Saved data entries
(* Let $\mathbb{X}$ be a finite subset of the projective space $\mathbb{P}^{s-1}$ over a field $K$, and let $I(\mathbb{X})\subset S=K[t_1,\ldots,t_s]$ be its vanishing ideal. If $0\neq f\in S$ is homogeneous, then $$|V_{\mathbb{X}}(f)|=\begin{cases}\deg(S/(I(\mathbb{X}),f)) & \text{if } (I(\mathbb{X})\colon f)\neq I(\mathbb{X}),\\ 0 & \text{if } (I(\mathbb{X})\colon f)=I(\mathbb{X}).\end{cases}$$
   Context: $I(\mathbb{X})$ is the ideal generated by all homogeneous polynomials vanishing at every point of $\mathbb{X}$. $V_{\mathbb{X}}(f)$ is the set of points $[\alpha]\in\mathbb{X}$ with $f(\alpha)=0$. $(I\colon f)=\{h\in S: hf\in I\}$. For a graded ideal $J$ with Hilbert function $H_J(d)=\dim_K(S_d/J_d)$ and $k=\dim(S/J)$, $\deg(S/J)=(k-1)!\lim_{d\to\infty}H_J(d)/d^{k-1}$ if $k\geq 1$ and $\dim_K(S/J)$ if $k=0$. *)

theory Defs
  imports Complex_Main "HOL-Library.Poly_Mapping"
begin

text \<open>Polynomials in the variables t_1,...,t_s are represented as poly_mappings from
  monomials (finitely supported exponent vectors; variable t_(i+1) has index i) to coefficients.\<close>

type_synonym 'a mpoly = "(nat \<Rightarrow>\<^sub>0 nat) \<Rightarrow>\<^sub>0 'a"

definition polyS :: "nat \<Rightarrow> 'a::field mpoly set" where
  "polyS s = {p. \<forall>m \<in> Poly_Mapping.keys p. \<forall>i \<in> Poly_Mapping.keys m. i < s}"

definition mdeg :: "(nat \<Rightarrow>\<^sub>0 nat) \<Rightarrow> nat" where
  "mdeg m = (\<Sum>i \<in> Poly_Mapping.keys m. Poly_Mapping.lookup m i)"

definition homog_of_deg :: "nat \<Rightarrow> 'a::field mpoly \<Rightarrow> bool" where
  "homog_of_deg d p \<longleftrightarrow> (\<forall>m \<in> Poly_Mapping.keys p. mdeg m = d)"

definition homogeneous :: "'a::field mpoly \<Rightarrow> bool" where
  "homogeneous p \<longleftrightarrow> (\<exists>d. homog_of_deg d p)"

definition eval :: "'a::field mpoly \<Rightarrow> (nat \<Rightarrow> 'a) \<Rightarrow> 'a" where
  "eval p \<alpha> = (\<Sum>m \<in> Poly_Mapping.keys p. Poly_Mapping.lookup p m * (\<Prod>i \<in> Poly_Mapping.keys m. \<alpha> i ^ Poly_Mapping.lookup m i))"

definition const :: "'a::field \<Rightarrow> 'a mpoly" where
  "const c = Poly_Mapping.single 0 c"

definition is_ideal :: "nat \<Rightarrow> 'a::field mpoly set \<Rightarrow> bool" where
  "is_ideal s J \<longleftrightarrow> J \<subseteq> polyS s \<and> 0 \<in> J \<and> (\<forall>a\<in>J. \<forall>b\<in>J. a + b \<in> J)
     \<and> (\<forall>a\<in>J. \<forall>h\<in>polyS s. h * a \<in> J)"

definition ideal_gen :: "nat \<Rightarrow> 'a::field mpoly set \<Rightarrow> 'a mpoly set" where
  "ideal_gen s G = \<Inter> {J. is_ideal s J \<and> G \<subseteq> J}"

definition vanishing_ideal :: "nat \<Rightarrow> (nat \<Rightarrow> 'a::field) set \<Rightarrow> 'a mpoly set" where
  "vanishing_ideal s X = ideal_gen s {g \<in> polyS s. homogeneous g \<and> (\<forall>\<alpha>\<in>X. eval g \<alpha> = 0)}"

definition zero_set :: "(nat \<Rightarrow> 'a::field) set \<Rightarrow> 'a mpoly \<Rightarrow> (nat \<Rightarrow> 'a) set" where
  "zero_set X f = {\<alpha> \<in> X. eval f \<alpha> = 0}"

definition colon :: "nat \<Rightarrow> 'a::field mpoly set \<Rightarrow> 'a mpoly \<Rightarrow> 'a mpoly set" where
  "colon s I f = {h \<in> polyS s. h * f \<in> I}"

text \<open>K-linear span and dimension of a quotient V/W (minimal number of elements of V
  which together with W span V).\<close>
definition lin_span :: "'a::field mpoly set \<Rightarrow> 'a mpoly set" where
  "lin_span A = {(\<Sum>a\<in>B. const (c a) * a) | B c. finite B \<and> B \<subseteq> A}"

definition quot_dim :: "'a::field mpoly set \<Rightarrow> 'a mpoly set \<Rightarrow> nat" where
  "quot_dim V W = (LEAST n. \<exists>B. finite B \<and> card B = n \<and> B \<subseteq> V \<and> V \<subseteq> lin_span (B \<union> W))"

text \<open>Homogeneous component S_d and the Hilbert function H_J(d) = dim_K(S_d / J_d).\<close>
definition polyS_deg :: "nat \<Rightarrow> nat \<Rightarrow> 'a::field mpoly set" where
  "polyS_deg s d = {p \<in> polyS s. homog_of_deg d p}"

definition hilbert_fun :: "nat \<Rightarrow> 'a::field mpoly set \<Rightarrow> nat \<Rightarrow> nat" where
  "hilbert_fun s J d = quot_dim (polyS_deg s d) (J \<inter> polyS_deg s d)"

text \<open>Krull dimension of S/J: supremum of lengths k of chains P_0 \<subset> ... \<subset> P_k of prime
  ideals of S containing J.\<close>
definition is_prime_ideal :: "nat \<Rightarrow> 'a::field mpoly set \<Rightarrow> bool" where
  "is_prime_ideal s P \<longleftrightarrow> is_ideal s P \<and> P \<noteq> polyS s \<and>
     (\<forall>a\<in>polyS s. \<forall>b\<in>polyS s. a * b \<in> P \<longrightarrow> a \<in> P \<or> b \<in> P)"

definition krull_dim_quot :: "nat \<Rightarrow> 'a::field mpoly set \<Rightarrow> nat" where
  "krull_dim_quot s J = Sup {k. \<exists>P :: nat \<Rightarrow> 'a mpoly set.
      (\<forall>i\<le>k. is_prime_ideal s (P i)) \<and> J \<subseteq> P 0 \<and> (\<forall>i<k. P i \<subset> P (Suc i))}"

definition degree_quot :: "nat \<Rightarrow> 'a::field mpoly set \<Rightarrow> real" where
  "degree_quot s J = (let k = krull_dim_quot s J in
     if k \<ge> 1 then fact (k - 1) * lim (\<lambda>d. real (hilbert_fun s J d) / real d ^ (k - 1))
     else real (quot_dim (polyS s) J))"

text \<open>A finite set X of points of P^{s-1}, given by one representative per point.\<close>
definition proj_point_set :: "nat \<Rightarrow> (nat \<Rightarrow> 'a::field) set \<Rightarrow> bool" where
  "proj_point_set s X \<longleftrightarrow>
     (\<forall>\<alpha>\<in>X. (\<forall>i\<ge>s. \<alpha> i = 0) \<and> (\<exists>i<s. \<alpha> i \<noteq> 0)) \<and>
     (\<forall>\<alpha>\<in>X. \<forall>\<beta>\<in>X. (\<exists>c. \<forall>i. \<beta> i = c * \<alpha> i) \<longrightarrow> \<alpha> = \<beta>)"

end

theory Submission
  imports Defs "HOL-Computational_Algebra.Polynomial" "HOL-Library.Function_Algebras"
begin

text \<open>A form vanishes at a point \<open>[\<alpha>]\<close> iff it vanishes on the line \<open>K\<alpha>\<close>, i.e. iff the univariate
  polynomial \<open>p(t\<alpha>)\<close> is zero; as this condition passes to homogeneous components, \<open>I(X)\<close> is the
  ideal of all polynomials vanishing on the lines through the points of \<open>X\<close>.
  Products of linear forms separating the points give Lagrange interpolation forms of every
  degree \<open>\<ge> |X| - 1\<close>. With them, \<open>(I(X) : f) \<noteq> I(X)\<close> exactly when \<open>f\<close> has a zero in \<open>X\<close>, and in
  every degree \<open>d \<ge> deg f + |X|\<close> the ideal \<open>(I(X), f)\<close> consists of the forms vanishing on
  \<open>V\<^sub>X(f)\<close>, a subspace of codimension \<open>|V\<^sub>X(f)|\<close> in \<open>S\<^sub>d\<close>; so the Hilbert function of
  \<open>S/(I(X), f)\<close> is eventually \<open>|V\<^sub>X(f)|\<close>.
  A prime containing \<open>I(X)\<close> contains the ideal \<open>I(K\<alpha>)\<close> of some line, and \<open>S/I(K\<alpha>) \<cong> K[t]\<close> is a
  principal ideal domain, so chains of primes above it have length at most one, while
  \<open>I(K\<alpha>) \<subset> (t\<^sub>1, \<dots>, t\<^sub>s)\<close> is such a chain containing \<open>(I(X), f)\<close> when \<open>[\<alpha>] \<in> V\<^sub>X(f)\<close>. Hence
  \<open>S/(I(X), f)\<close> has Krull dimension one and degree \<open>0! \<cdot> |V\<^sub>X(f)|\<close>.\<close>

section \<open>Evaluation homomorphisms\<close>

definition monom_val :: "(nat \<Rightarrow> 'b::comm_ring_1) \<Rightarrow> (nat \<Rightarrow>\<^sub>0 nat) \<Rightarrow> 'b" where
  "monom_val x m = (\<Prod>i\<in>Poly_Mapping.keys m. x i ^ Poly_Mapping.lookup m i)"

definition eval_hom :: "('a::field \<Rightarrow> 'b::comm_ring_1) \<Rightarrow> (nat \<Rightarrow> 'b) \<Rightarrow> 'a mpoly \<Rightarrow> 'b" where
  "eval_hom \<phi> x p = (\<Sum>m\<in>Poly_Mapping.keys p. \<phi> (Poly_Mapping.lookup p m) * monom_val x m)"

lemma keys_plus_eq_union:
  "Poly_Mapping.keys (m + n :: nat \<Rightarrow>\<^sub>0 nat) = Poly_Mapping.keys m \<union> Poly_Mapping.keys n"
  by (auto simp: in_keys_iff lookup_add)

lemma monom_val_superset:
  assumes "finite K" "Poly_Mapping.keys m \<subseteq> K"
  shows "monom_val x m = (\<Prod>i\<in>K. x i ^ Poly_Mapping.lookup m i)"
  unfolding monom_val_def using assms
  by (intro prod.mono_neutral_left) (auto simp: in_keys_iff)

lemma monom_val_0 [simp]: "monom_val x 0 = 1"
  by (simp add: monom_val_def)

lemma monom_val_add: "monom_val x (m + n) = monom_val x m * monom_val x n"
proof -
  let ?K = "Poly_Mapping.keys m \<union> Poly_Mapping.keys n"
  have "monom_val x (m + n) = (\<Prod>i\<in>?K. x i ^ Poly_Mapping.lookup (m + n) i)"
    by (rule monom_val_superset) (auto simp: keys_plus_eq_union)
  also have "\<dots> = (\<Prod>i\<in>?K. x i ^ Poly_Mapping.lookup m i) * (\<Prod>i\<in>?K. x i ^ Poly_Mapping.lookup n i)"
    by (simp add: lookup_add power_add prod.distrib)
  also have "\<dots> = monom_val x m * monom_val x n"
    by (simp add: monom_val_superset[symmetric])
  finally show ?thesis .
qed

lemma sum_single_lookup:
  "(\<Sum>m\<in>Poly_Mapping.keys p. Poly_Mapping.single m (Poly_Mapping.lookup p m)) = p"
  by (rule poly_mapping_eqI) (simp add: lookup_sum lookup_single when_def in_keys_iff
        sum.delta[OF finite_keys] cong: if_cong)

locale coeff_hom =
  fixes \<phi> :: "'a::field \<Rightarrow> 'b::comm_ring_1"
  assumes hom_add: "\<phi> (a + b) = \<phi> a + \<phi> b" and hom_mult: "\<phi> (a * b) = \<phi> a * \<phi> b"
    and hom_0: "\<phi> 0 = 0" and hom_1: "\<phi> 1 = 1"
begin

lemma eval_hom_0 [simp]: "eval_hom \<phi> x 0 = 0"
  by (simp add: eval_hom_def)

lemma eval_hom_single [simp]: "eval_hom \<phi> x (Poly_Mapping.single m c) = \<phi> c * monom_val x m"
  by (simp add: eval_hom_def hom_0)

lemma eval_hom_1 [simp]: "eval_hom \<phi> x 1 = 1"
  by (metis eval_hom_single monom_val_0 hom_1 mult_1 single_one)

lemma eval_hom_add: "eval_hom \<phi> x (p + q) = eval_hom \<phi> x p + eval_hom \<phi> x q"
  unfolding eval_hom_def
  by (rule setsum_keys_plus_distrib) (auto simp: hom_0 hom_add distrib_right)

● ASSIGNED TASK: Repeat each line of the data above, exactly as it appears, from the first through the line that contains "type_synonym 'a mpoly".

● RESPONSE BELOW:
(* Let $\mathbb{X}$ be a finite subset of the projective space $\mathbb{P}^{s-1}$ over a field $K$, and let $I(\mathbb{X})\subset S=K[t_1,\ldots,t_s]$ be its vanishing ideal. If $0\neq f\in S$ is homogeneous, then $$|V_{\mathbb{X}}(f)|=\begin{cases}\deg(S/(I(\mathbb{X}),f)) & \text{if } (I(\mathbb{X})\colon f)\neq I(\mathbb{X}),\\ 0 & \text{if } (I(\mathbb{X})\colon f)=I(\mathbb{X}).\end{cases}$$
   Context: $I(\mathbb{X})$ is the ideal generated by all homogeneous polynomials vanishing at every point of $\mathbb{X}$. $V_{\mathbb{X}}(f)$ is the set of points $[\alpha]\in\mathbb{X}$ with $f(\alpha)=0$. $(I\colon f)=\{h\in S: hf\in I\}$. For a graded ideal $J$ with Hilbert function $H_J(d)=\dim_K(S_d/J_d)$ and $k=\dim(S/J)$, $\deg(S/J)=(k-1)!\lim_{d\to\infty}H_J(d)/d^{k-1}$ if $k\geq 1$ and $\dim_K(S/J)$ if $k=0$. *)

theory Defs
  imports Complex_Main "HOL-Library.Poly_Mapping"
begin

text \<open>Polynomials in the variables t_1,...,t_s are represented as poly_mappings from
  monomials (finitely supported exponent vectors; variable t_(i+1) has index i) to coefficients.\<close>

type_synonym 'a mpoly = "(nat \<Rightarrow>\<^sub>0 nat) \<Rightarrow>\<^sub>0 'a"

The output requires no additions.